■ About this exercise: For the entries below, the expected answer is the line with "y1 y2. norm", the line with "P_inv dich_P dich_Q)+", and every line between them, exactly as written, and nothing more.

■ Excerpted data:
====================
lemma index_bounded_mono: "N \<le> N' \<Longrightarrow> index_bounded N \<subseteq> index_bounded N'"
  by (auto simp: index_bounded_def)

lemma sprod_W_self_adjoint_bounded:
  assumes fin: "finite_supp f" "finite_supp g"
    and supp: "\<forall>m. f m \<noteq> 0 \<longrightarrow> m \<in> index_bounded N" "\<forall>m. g m \<noteq> 0 \<longrightarrow> m \<in> index_bounded N"
  shows "sprod (W s f) g = sprod f (W s g)"
proof -
  let ?K = "{1..N}\<times>{1..N}" and ?I = "{1..N}"
  let ?Wf = "\<lambda>m. (\<Sum>(i,j)\<in>?K. cut_join_term s i j f m) + (\<Sum>i\<in>?I. q_term s i f m)"
  let ?Wg = "\<lambda>m. (\<Sum>(i,j)\<in>?K. cut_join_term s i j g m) + (\<Sum>i\<in>?I. q_term s i g m)"
  have "sprod (W s f) g = sprod ?Wf g"
    unfolding sprod_def
  proof (rule Sum_any.cong)
    fix m show "W s f m * g m * zeta m = ?Wf m * g m * zeta m"
      using W_eq_sum_terms[OF supp(1), of m s] supp(2) by (cases "g m = 0") auto
  qed
  also have "\<dots> = (\<Sum>(i,j)\<in>?K. sprod (cut_join_term s i j f) g) + (\<Sum>i\<in>?I. sprod (q_term s i f) g)"
    by (simp add: sprod_add_left[OF fin(2)] sprod_sum_left[OF fin(2)] case_prod_unfold)
  also have "\<dots> = (\<Sum>(i,j)\<in>?K. sprod f (cut_join_term s i j g)) + (\<Sum>i\<in>?I. sprod f (q_term s i g))"
    by (simp add: sprod_cut_join_term_self_adjoint[OF fin] sprod_q_term_self_adjoint[OF fin])
  also have "\<dots> = sprod f ?Wg"
    by (simp add: sprod_add_right[OF fin(1)] sprod_sum_right[OF fin(1)] case_prod_unfold)
  also have "\<dots> = sprod f (W s g)"
    unfolding sprod_def
  proof (rule Sum_any.cong)
    fix m show "f m * ?Wg m * zeta m = f m * W s g m * zeta m"
      using W_eq_sum_terms[OF supp(2), of m s] supp(1) by (cases "f m = 0") auto
  qed
  finally show ?thesis .
qed
(* Let $G=(V,E)$ be a finite rectangle in $\mathbb Z^2$ with no additional edges ($E_A=\emptyset$), and let $x\in\mathbb C^E$. Then \[ \|\Lambda(x)\|\le(\sqrt2+1)\,\|x\|_\infty\quad\text{and}\quad |f_r(x)|\le 2|V|\,r^{-1}(\sqrt2+1)^r\|x\|_\infty^r\ \text{ for all } r\ge1, \] where $\|\cdot\|$ is the operator norm induced by the Euclidean norm and $\|x\|_\infty=\max_e|x_e|$.
   Context: A finite rectangle in $\mathbb Z^2$ is the graph whose vertex set consists of all points of $\mathbb Z^2$ in a rectangle $[a,b]\times[c,d]$ and whose edges join vertices at $L^1$-distance $1$, with its standard embedding. Loops in $G$: a path $(v_0,\dots,v_{n-1})$ has consecutive vertices adjacent and $v_{i+2}\ne v_i$; closed if all rotations are paths; a loop is a closed path lexicographically smallest among rotations of itself and its reversal. $m(\ell)$ = number of steps / smallest period; winding angle $\alpha(\ell)$ = sum over $i$ (mod $n$) of turning angles in $(-\pi,\pi)$ from $v_{i+1}-v_i$ to $v_{i+2}-v_{i+1}$; $\operatorname{sgn}(\ell)=-e^{i\alpha(\ell)/2}$; $w(\ell;x)=\frac{\operatorname{sgn}(\ell)}{m(\ell)}\prod_i x_{v_iv_{i+1}}$. With no additional edges the length of a loop is its number of steps, and $f_r(x)=\sum_{\ell \text{ of } r \text{ steps}}w(\ell;x)$. $\Lambda(x)$ is the matrix indexed by directed edges of $G$ with $\Lambda_{\vec{uv},\vec{vz}}(x)=x_{uv}e^{i\angle(v-u,z-v)/2}$ when $z\neq u$ ($\angle$ the turning angle in $(-\pi,\pi)$), and all other entries $0$. *)

theory Defs
  imports "HOL-Analysis.Analysis"
begin

type_synonym vert = "int \<times> int"

definition rectV :: "int \<Rightarrow> int \<Rightarrow> int \<Rightarrow> int \<Rightarrow> vert set" where
  "rectV a b c d = {(i, j). a \<le> i \<and> i \<le> b \<and> c \<le> j \<and> j \<le> d}"

definition radj :: "int \<Rightarrow> int \<Rightarrow> int \<Rightarrow> int \<Rightarrow> vert \<Rightarrow> vert \<Rightarrow> bool" where
  "radj a b c d u v \<longleftrightarrow> u \<in> rectV a b c d \<and> v \<in> rectV a b c d \<and>
     \<bar>fst u - fst v\<bar> + \<bar>snd u - snd v\<bar> = 1"

text \<open>Undirected edges are represented as two-element vertex sets {u,v};
  edge weights x are functions on such sets, x_{uv} = x {u,v}.\<close>
definition rectE :: "int \<Rightarrow> int \<Rightarrow> int \<Rightarrow> int \<Rightarrow> vert set set" where
  "rectE a b c d = {{u, v} | u v. radj a b c d u v}"

definition rectD :: "int \<Rightarrow> int \<Rightarrow> int \<Rightarrow> int \<Rightarrow> (vert \<times> vert) set" where
  "rectD a b c d = {(u, v). radj a b c d u v}"

definition supnorm :: "vert set set \<Rightarrow> (vert set \<Rightarrow> complex) \<Rightarrow> real" where
  "supnorm E x = Max (insert 0 ((\<lambda>e. cmod (x e)) ` E))"

text \<open>Planar vector of a lattice point as a complex number, and the turning angle
  in (-pi, pi] from p to q (it lies in (-pi,pi) whenever q is not a negative multiple of p).\<close>
definition cpt :: "vert \<Rightarrow> complex" where
  "cpt p = Complex (of_int (fst p)) (of_int (snd p))"

definition turn :: "vert \<Rightarrow> vert \<Rightarrow> real" where
  "turn p q = Arg (cpt q / cpt p)"

definition vdiff :: "vert \<Rightarrow> vert \<Rightarrow> vert" where
  "vdiff v u = (fst v - fst u, snd v - snd u)"

definition Lam :: "int \<Rightarrow> int \<Rightarrow> int \<Rightarrow> int \<Rightarrow> (vert set \<Rightarrow> complex)
    \<Rightarrow> vert \<times> vert \<Rightarrow> vert \<times> vert \<Rightarrow> complex" where
  "Lam a b c d x e f =
     (if e \<in> rectD a b c d \<and> f \<in> rectD a b c d \<and> snd e = fst f \<and> snd f \<noteq> fst e
      then x {fst e, snd e} *
           exp (\<i> * of_real (turn (vdiff (snd e) (fst e)) (vdiff (snd f) (fst f)) / 2))
      else 0)"

definition opnorm :: "('i \<Rightarrow> 'i \<Rightarrow> complex) \<Rightarrow> 'i set \<Rightarrow> real" where
  "opnorm M D = Sup {L2_set (\<lambda>e. cmod (\<Sum>f\<in>D. M e f * v f)) D | v.
                      L2_set (\<lambda>e. cmod (v e)) D \<le> 1}"

definition closed_path :: "int \<Rightarrow> int \<Rightarrow> int \<Rightarrow> int \<Rightarrow> vert list \<Rightarrow> bool" where
  "closed_path a b c d vs \<longleftrightarrow> vs \<noteq> [] \<and>
     (\<forall>i < length vs. radj a b c d (vs ! i) (vs ! ((i + 1) mod length vs)) \<and>
                      vs ! ((i + 2) mod length vs) \<noteq> vs ! i)"
lemma unstable_increment_bound:
  assumes Z: "\<And>r. (Z has_vector_derivative A r *v Z r + g r) (at r)"
    and g_bound: "\<And>r. norm (g r) \<le> c * (deriv \<mu> r / \<mu> r)"
    and "c \<ge> 0" and "t \<le> s"
  shows "norm ((T t s ** (mat 1 - P s)) *v Z s - (mat 1 - P t) *v Z t) \<le> K * c / \<alpha>"
proof -
  define u where "u \<rho> = (mat 1 - P t) *v (T t \<rho> *v Z \<rho>)" for \<rho>
  define \<Phi> where "\<Phi> \<rho> = - (K * c / \<alpha>) * (\<mu> \<rho> / \<mu> t) powr (- \<alpha>)" for \<rho>
  have "(u has_vector_derivative (mat 1 - P t) *v (T t \<rho> *v g \<rho>)) (at \<rho>)" for \<rho>
    unfolding u_def[abs_def]
    by (rule bounded_linear.has_vector_derivative[OF matrix_vector_mul_bounded_linear
          variation_of_constants[OF Z]])
  then have u: "(u has_vector_derivative (T t \<rho> ** (mat 1 - P \<rho>)) *v g \<rho>) (at \<rho>)" for \<rho>
    by (simp only: complement_evolution_commute)
  have \<Phi>: "(\<Phi> has_real_derivative
      - (K * c / \<alpha>) * (- \<alpha> * (\<mu> \<rho> / \<mu> t) powr (- \<alpha>) * (deriv \<mu> \<rho> / \<mu> \<rho>))) (at \<rho>)" for \<rho>
    unfolding \<Phi>_def by (intro DERIV_cmult has_real_derivative_ratio_powr mu_deriv mu_pos)
  have "norm (u s - u t) \<le> \<Phi> s - \<Phi> t"
  proof (rule norm_diff_le_majorant_diff[OF \<open>t \<le> s\<close> u \<Phi>])
    fix \<rho>
    assume "t \<le> \<rho>" "\<rho> \<le> s"
    have "norm ((T t \<rho> ** (mat 1 - P \<rho>)) *v g \<rho>)
        \<le> K * (\<mu> \<rho> / \<mu> t) powr (- \<alpha>) * norm (g \<rho>)"
      using \<open>t \<le> \<rho>\<close> by (rule unstable_kernel_bound)
    also have "\<dots> \<le> K * (\<mu> \<rho> / \<mu> t) powr (- \<alpha>) * (c * (deriv \<mu> \<rho> / \<mu> \<rho>))"
      using K_pos by (intro mult_left_mono g_bound) simp
    finally show "norm ((T t \<rho> ** (mat 1 - P \<rho>)) *v g \<rho>)
        \<le> - (K * c / \<alpha>) * (- \<alpha> * (\<mu> \<rho> / \<mu> t) powr (- \<alpha>) * (deriv \<mu> \<rho> / \<mu> \<rho>))"
      using alpha_pos by (simp add: mult_ac)
  qed
  also have "\<dots> \<le> K * c / \<alpha>"
    using mu_pos[of t] K_pos alpha_pos \<open>c \<ge> 0\<close> by (simp add: \<Phi>_def)
  finally show ?thesis
    by (simp add: u_def T_init complement_evolution_commute)
qed

lemma stable_part_bound:
  assumes Z: "\<And>r. (Z has_vector_derivative A r *v Z r + g r) (at r)"
    and Z_bound: "\<And>r. norm (Z r) \<le> M"
    and g_bound: "\<And>r. norm (g r) \<le> c * (deriv \<mu> r / \<mu> r)"
    and "c \<ge> 0"
  shows "norm (P t *v Z t) \<le> K * c / \<alpha>"
proof -
  have bound: "norm (P t *v Z t) \<le> K * c / \<alpha> + K * (\<mu> s / \<mu> t) powr \<alpha> * M" if "s \<le> t" for s
  proof -
    have "norm ((T t s ** P s) *v Z s) \<le> K * (\<mu> s / \<mu> t) powr \<alpha> * norm (Z s)"
      using that by (rule stable_kernel_bound)
    also have "\<dots> \<le> K * (\<mu> s / \<mu> t) powr \<alpha> * M"
      using K_pos by (intro mult_left_mono Z_bound) simp
    finally show ?thesis
      using stable_increment_bound[OF Z g_bound \<open>c \<ge> 0\<close> that]
        norm_triangle_ineq[of "P t *v Z t - (T t s ** P s) *v Z s" "(T t s ** P s) *v Z s"]
      by simp
  qed
  have lim: "((\<lambda>s. K * c / \<alpha> + K * (\<mu> s / \<mu> t) powr \<alpha> * M) \<longlongrightarrow> K * c / \<alpha> + K * 0 * M) at_bot"
    by (intro tendsto_intros mu_ratio_powr_tendsto_at_bot)
  have "\<forall>\<^sub>F s in at_bot. norm (P t *v Z t) \<le> K * c / \<alpha> + K * (\<mu> s / \<mu> t) powr \<alpha> * M"
    using eventually_le_at_bot[of t] by eventually_elim (rule bound)
  from tendsto_le[OF trivial_limit_at_bot_linorder lim tendsto_const this]
  show ?thesis
    by simp
qed

lemma unstable_part_bound:
  assumes Z: "\<And>r. (Z has_vector_derivative A r *v Z r + g r) (at r)"
    and Z_bound: "\<And>r. norm (Z r) \<le> M"
    and g_bound: "\<And>r. norm (g r) \<le> c * (deriv \<mu> r / \<mu> r)"
    and "c \<ge> 0"
  shows "norm ((mat 1 - P t) *v Z t) \<le> K * c / \<alpha>"
proof -
  have bound: "norm ((mat 1 - P t) *v Z t) \<le> K * c / \<alpha> + K * (\<mu> s / \<mu> t) powr (- \<alpha>) * M"
    if "t \<le> s" for s
  proof -
    have "norm ((T t s ** (mat 1 - P s)) *v Z s) \<le> K * (\<mu> s / \<mu> t) powr (- \<alpha>) * norm (Z s)"
      using that by (rule unstable_kernel_bound)
    also have "\<dots> \<le> K * (\<mu> s / \<mu> t) powr (- \<alpha>) * M"
      using K_pos by (intro mult_left_mono Z_bound) simp
    finally show ?thesis
      using unstable_increment_bound[OF Z g_bound \<open>c \<ge> 0\<close> that]
        norm_triangle_ineq4[of "(T t s ** (mat 1 - P s)) *v Z s"
          "(T t s ** (mat 1 - P s)) *v Z s - (mat 1 - P t) *v Z t"]
      by simp
  qed
  have lim: "((\<lambda>s. K * c / \<alpha> + K * (\<mu> s / \<mu> t) powr (- \<alpha>) * M)
      \<longlongrightarrow> K * c / \<alpha> + K * 0 * M) at_top"
    by (intro tendsto_intros mu_ratio_powr_tendsto_at_top)
  have "\<forall>\<^sub>F s in at_top.
      norm ((mat 1 - P t) *v Z t) \<le> K * c / \<alpha> + K * (\<mu> s / \<mu> t) powr (- \<alpha>) * M"
    using eventually_ge_at_top[of t] by eventually_elim (rule bound)
  from tendsto_le[OF trivial_limit_at_top_linorder lim tendsto_const this]
  show ?thesis
    by simp
qed

lemma bounded_solution_norm_bound:
  assumes Z: "\<And>r. (Z has_vector_derivative A r *v Z r + g r) (at r)"
    and Z_bound: "\<And>r. norm (Z r) \<le> M"
    and g_bound: "\<And>r. norm (g r) \<le> c * (deriv \<mu> r / \<mu> r)"
    and "c \<ge> 0"
  shows "norm (Z t) \<le> 2 * K * c / \<alpha>"
proof -
  have "norm (Z t) \<le> norm (P t *v Z t) + norm ((mat 1 - P t) *v Z t)"
    using norm_triangle_ineq[of "P t *v Z t" "(mat 1 - P t) *v Z t"]
    by (simp add: matrix_vector_mult_diff_rdistrib)
  also have "\<dots> \<le> K * c / \<alpha> + K * c / \<alpha>"
    by (intro add_mono stable_part_bound[OF assms] unstable_part_bound[OF assms])
  finally show ?thesis
    by simp
qed

lemma bounded_solution_eq_0:
  assumes Z: "\<And>r. (Z has_vector_derivative A r *v Z r + g r) (at r)"
    and "bounded (range Z)"
    and g_bound: "\<And>r. norm (g r) \<le> \<gamma> * (deriv \<mu> r / \<mu> r) * norm (Z r)"
    and "\<gamma> \<ge> 0" and "2 * K * \<gamma> < \<alpha>"
  shows "Z t = 0"
proof -
  define M where "M = (SUP r. norm (Z r))"
  have "bdd_above (range (\<lambda>r. norm (Z r)))"
    using \<open>bounded (range Z)\<close> by (auto simp: bounded_iff intro: bdd_aboveI2)
  then have Z_le: "norm (Z r) \<le> M" for r
    unfolding M_def by (rule cSUP_upper2) auto
  have "M \<ge> 0"
    using Z_le[of t] norm_ge_zero order_trans by blast
  have g_le: "norm (g r) \<le> (\<gamma> * M) * (deriv \<mu> r / \<mu> r)" for r
  proof -
    have weight_nonneg: "deriv \<mu> r / \<mu> r \<ge> 0"
      using deriv_nonneg_if_mono[OF mu_mono mu_deriv] mu_pos[of r] by simp
    have "norm (g r) \<le> \<gamma> * (deriv \<mu> r / \<mu> r) * norm (Z r)"
      by (rule g_bound)
    also have "\<dots> \<le> \<gamma> * (deriv \<mu> r / \<mu> r) * M"
      by (intro mult_left_mono Z_le mult_nonneg_nonneg \<open>\<gamma> \<ge> 0\<close> weight_nonneg)
    finally show ?thesis
      by (simp add: mult_ac)
  qed
  have "norm (Z r) \<le> 2 * K * (\<gamma> * M) / \<alpha>" for r
    using \<open>\<gamma> \<ge> 0\<close> \<open>M \<ge> 0\<close> by (intro bounded_solution_norm_bound[OF Z Z_le g_le]) simp
  then have "M \<le> 2 * K * \<gamma> / \<alpha> * M"
    unfolding M_def by (intro cSUP_least) (auto simp: field_simps)
  then have "(1 - 2 * K * \<gamma> / \<alpha>) * M \<le> 0"
    by (simp add: algebra_simps)
  moreover have "2 * K * \<gamma> / \<alpha> < 1"
    using \<open>2 * K * \<gamma> < \<alpha>\<close> alpha_pos by simp
  ultimately have "M \<le> 0"
    by (simp add: mult_le_0_iff)
  then show ?thesis
    using Z_le[of t] by (metis norm_le_zero_iff order_trans)
qed

end

theorem lemma3p4:
  fixes A :: "real \<Rightarrow> real^'n^'n"
    and T :: "real \<Rightarrow> real \<Rightarrow> real^'n^'n"
    and P :: "real \<Rightarrow> real^'n^'n"
    and \<mu> :: "real \<Rightarrow> real"
    and f :: "real \<Rightarrow> real^'n \<Rightarrow> real^'n"
    and x :: "real \<Rightarrow> real^'n"
    and K \<alpha> \<beta> \<gamma> :: real
  assumes A_cont: "continuous_on UNIV A"
    and A_bdd: "bounded (range A)"
    and T_init: "\<And>s. T s s = mat 1"
    and T_deriv: "\<And>t s. ((\<lambda>t. T t s) has_vector_derivative (A t ** T t s)) (at t)"
    and mu_pos: "\<And>t. \<mu> t > 0"
    and mu_mono: "mono \<mu>"
    and mu_diff: "\<And>t. \<mu> differentiable (at t)"
    and mu_0: "\<mu> 0 = 1"
    and mu_bot: "(\<mu> \<longlongrightarrow> 0) at_bot"
    and mu_top: "filterlim \<mu> at_top at_top"
    and K_pos: "K > 0" and alpha_pos: "\<alpha> > 0"
    and P_proj: "\<And>s. P s ** P s = P s"
    and P_inv: "\<And>t s. T t s ** P s = P t ** T t s"
    and dich_P: "\<And>t s. t \<ge> s \<Longrightarrow>
       onorm (\<lambda>v. (T t s ** P s) *v v) \<le> K * (\<mu> t / \<mu> s) powr (- \<alpha>)"
    and dich_Q: "\<And>t s. t \<le> s \<Longrightarrow>
       onorm (\<lambda>v. (T t s ** (mat 1 - P s)) *v v) \<le> K * (\<mu> s / \<mu> t) powr (- \<alpha>)"
    and f_cont: "continuous_on UNIV (\<lambda>(t, y). f t y)"
    and beta_nn: "\<beta> \<ge> 0" and gamma_nn: "\<gamma> \<ge> 0"
    and f_bdd: "\<And>t y. norm (f t y) \<le> \<beta> * deriv \<mu> t * inverse (\<mu> t)"
    and f_lip: "\<And>t y1 y2. norm (f t y1 - f t y2) \<le> \<gamma> * deriv \<mu> t * inverse (\<mu> t) * norm (y1 - y2)"
    and small: "6 * K * \<gamma> / \<alpha> < 1"
    and x_sol: "\<And>t. (x has_vector_derivative (A t *v x t + f t (x t))) (at t)"
  shows "(\<forall>t. ((\<lambda>t. 0 :: real^'n) has_vector_derivative
              (A t *v 0 + f t (x t + 0) - f t (x t))) (at t))
    \<and> (\<forall>Z :: real \<Rightarrow> real^'n.
          (\<forall>t. (Z has_vector_derivative (A t *v Z t + f t (x t + Z t) - f t (x t))) (at t))
          \<and> bounded (range Z) \<longrightarrow> (\<forall>t. Z t = 0))"
proof -
  obtain L where L: "\<And>t v. norm (A t *v v) \<le> L * norm v"
    using bounded_range_matrix_vector_bound[OF A_bdd] by blast
  interpret algebraic_dichotomy A T L P \<mu> K \<alpha>
    by unfold_locales (fact L T_init T_deriv mu_pos mu_mono mu_diff mu_bot mu_top K_pos alpha_pos
        P_inv dich_P dich_Q)+
  have "Z t = 0"
    if Z: "\<forall>t. (Z has_vector_derivative (A t *v Z t + f t (x t + Z t) - f t (x t))) (at t)"
      and "bounded (range Z)" for Z :: "real \<Rightarrow> real^'n" and t
  proof (rule bounded_solution_eq_0[where g = "\<lambda>r. f r (x r + Z r) - f r (x r)"])
    show "(Z has_vector_derivative A r *v Z r + (f r (x r + Z r) - f r (x r))) (at r)" for r
      using Z by (simp add: add_diff_eq)
    show "norm (f r (x r + Z r) - f r (x r)) \<le> \<gamma> * (deriv \<mu> r / \<mu> r) * norm (Z r)" for r
      using f_lip[of r "x r + Z r" "x r"] by (simp add: divide_inverse)
    show "2 * K * \<gamma> < \<alpha>"
      using small K_pos gamma_nn alpha_pos by (simp add: field_simps)
  qed (use \<open>bounded (range Z)\<close> gamma_nn in auto)
  then show ?thesis
    by simp
qed
lemma mutual_info_le:
  assumes P: "is_dist A P"
  shows "mutual_info_dmc b A B W P \<le> C"
proof -
  have P_nonneg: "\<And>u. u \<in> A \<Longrightarrow> 0 \<le> P u" using P unfolding is_dist_def by auto
  have Q_nonneg: "0 \<le> out_dist P v" if "v \<in> B" for v
    unfolding out_dist_def using P_nonneg W_nonneg[OF _ that] by (auto intro: sum_nonneg)
  have "0 < R v" if v: "v \<in> B" and "out_dist P v \<noteq> 0" for v
  proof -
    obtain u where "u \<in> A" "P u * W v u \<noteq> 0"
      using \<open>out_dist P v \<noteq> 0\<close> unfolding out_dist_def by (meson sum.neutral)
    thus ?thesis using R_pos[OF _ v] by auto
  qed
  hence "(\<Sum>v\<in>B. out_dist P v * log b (R v / out_dist P v)) \<le> 0"
    using gibbs_inequality[OF base finite_B] Q_nonneg R_nonneg out_dist_sum[OF P] R_sum by simp
  thus ?thesis using mutual_info_decomposition[OF P] by simp
qed

lemma mutual_info_eq:
  assumes P: "is_dist A P" and out_dist_R: "\<And>v. v \<in> B \<Longrightarrow> out_dist P v = R v"
  shows "mutual_info_dmc b A B W P = C"
proof -
  have "(\<Sum>v\<in>B. out_dist P v * log b (R v / out_dist P v)) = 0"
    by (rule sum.neutral) (simp add: out_dist_R)
  thus ?thesis using mutual_info_decomposition[OF P] by simp
qed

end

section \<open>The subspace channel\<close>

lemma sum_out_alph:
  fixes g :: "('a::{finite,field}^'n) set \<Rightarrow> real"
  shows "(\<Sum>V\<in>out_alph h. g V) = (\<Sum>r\<le>h. \<Sum>V\<in>grass r. g V)"
proof -
  have "(\<Sum>V\<in>out_alph h. g V) = (\<Sum>r\<in>{0..h}. \<Sum>V\<in>(grass r :: ('a^'n) set set). g V)"
    unfolding out_alph_def by (rule sum.UNION_disjoint) (auto simp: grass_def)
  thus ?thesis by (simp add: atLeast0AtMost)
qed

lemma out_alph_mem: "V \<in> out_alph h \<Longrightarrow> sdim V \<le> h \<and> V \<in> grass (sdim V)"
  by (auto simp: out_alph_def grass_def)

text \<open>A sum over the subspaces of an h-space U of a function of the dimension:
  each dimension r occurs [h, r]_q times.\<close>
lemma sum_subspaces_of:
  fixes U :: "('a::{finite,field}^'n) set" and f :: "nat \<Rightarrow> real"
  assumes U: "U \<in> grass h"
  shows "(\<Sum>V\<in>out_alph h. if V \<subseteq> U then f (sdim V) else 0)
       = (\<Sum>r\<le>h. gauss_binom CARD('a) h r * f r)"
  unfolding sum_out_alph
proof (rule sum.cong[OF refl])
  fix r assume r: "r \<in> {..h}"
  have "(\<Sum>V\<in>(grass r :: ('a^'n) set set). if V \<subseteq> U then f (sdim V) else 0)
      = (\<Sum>V\<in>{V \<in> grass r. V \<subseteq> U}. f r)"
    by (simp add: sum.inter_filter[symmetric] grass_def)
  also have "\<dots> = gauss_binom CARD('a) h r * f r"
    using card_subspaces_of[OF U, of r] r by simp
  finally show "(\<Sum>V\<in>(grass r :: ('a^'n) set set). if V \<subseteq> U then f (sdim V) else 0)
      = gauss_binom CARD('a) h r * f r" .
qed

lemma sum_atMost_reverse: "(\<Sum>r\<le>(h::nat). f (h - r)) = (\<Sum>r\<le>h. (f r :: real))"
proof -
  have "(\<Sum>r\<in>{0..h}. f r) = (\<Sum>r\<in>{0..h}. f (h + 0 - r))" by (rule sum.atLeastAtMost_rev)
  thus ?thesis by (simp add: atLeast0AtMost)
qed

text \<open>The reference output distribution R(V) = p(h - dim V) / [T, dim V]_q: the rank
  deficiency is distributed according to p and, given the dimension, V is uniform
  on the Grassmannian.\<close>
definition subspace_out_dist :: "nat \<Rightarrow> (nat \<Rightarrow> real) \<Rightarrow> ('a::{finite,field}^'n) set \<Rightarrow> real" where
  "subspace_out_dist h p V = p (h - sdim V) / gauss_binom CARD('a) CARD('n) (sdim V)"

context
  fixes h :: nat and p :: "nat \<Rightarrow> real"
  assumes h_le: "h \<le> CARD('n::finite)"
    and p_nonneg: "\<forall>r\<le>h. 0 \<le> p r" and p_sum: "(\<Sum>r\<le>h. p r) = 1"
begin

lemma gauss_binom_pos_h: "r \<le> h \<Longrightarrow> gauss_binom CARD('a::{finite,field}) h r > 0"
  using gauss_binom_pos[OF card_field_ge2[where 'a='a]] by simp

lemma gauss_binom_pos_T: "r \<le> h \<Longrightarrow> gauss_binom CARD('a::{finite,field}) CARD('n) r > 0"
  using gauss_binom_pos[OF card_field_ge2[where 'a='a], of r "CARD('n)"] h_le by simp

lemma chanW_nonneg:
  "V \<in> out_alph h \<Longrightarrow> 0 \<le> chanW h p (V :: ('a::{finite,field}^'n) set) U"
  unfolding chanW_def using out_alph_mem p_nonneg gauss_binom_pos_h[where 'a='a]
  by (auto intro!: divide_nonneg_pos)

text \<open>W(\<cdot>|U) is a probability distribution: dimension r = h - (rank deficiency)
  has probability p(h - r), spread uniformly over the [h, r]_q subspaces of U.\<close>
lemma chanW_row_sum:
  assumes "U \<in> in_alph h"
  shows "(\<Sum>V\<in>out_alph h. chanW h p V (U :: ('a::{finite,field}^'n) set)) = 1"
proof -
  have "(\<Sum>V\<in>out_alph h. chanW h p V U)
      = (\<Sum>r\<le>h. gauss_binom CARD('a) h r * (p (h - r) / gauss_binom CARD('a) h r))"
    unfolding chanW_def using assms by (intro sum_subspaces_of) (simp add: in_alph_def)
  also have "\<dots> = (\<Sum>r\<le>h. p (h - r))"
    using gauss_binom_pos_h[where 'a='a] by (intro sum.cong) (auto simp: less_le)
  finally show ?thesis using sum_atMost_reverse[of p h] p_sum by simp
qed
====================
■ Response to the task:
    and f_lip: "\<And>t y1 y2. norm (f t y1 - f t y2) \<le> \<gamma> * deriv \<mu> t * inverse (\<mu> t) * norm (y1 - y2)"
    and small: "6 * K * \<gamma> / \<alpha> < 1"
    and x_sol: "\<And>t. (x has_vector_derivative (A t *v x t + f t (x t))) (at t)"
  shows "(\<forall>t. ((\<lambda>t. 0 :: real^'n) has_vector_derivative
              (A t *v 0 + f t (x t + 0) - f t (x t))) (at t))
    \<and> (\<forall>Z :: real \<Rightarrow> real^'n.
          (\<forall>t. (Z has_vector_derivative (A t *v Z t + f t (x t + Z t) - f t (x t))) (at t))
          \<and> bounded (range Z) \<longrightarrow> (\<forall>t. Z t = 0))"
proof -
  obtain L where L: "\<And>t v. norm (A t *v v) \<le> L * norm v"
    using bounded_range_matrix_vector_bound[OF A_bdd] by blast
  interpret algebraic_dichotomy A T L P \<mu> K \<alpha>
    by unfold_locales (fact L T_init T_deriv mu_pos mu_mono mu_diff mu_bot mu_top K_pos alpha_pos
        P_inv dich_P dich_Q)+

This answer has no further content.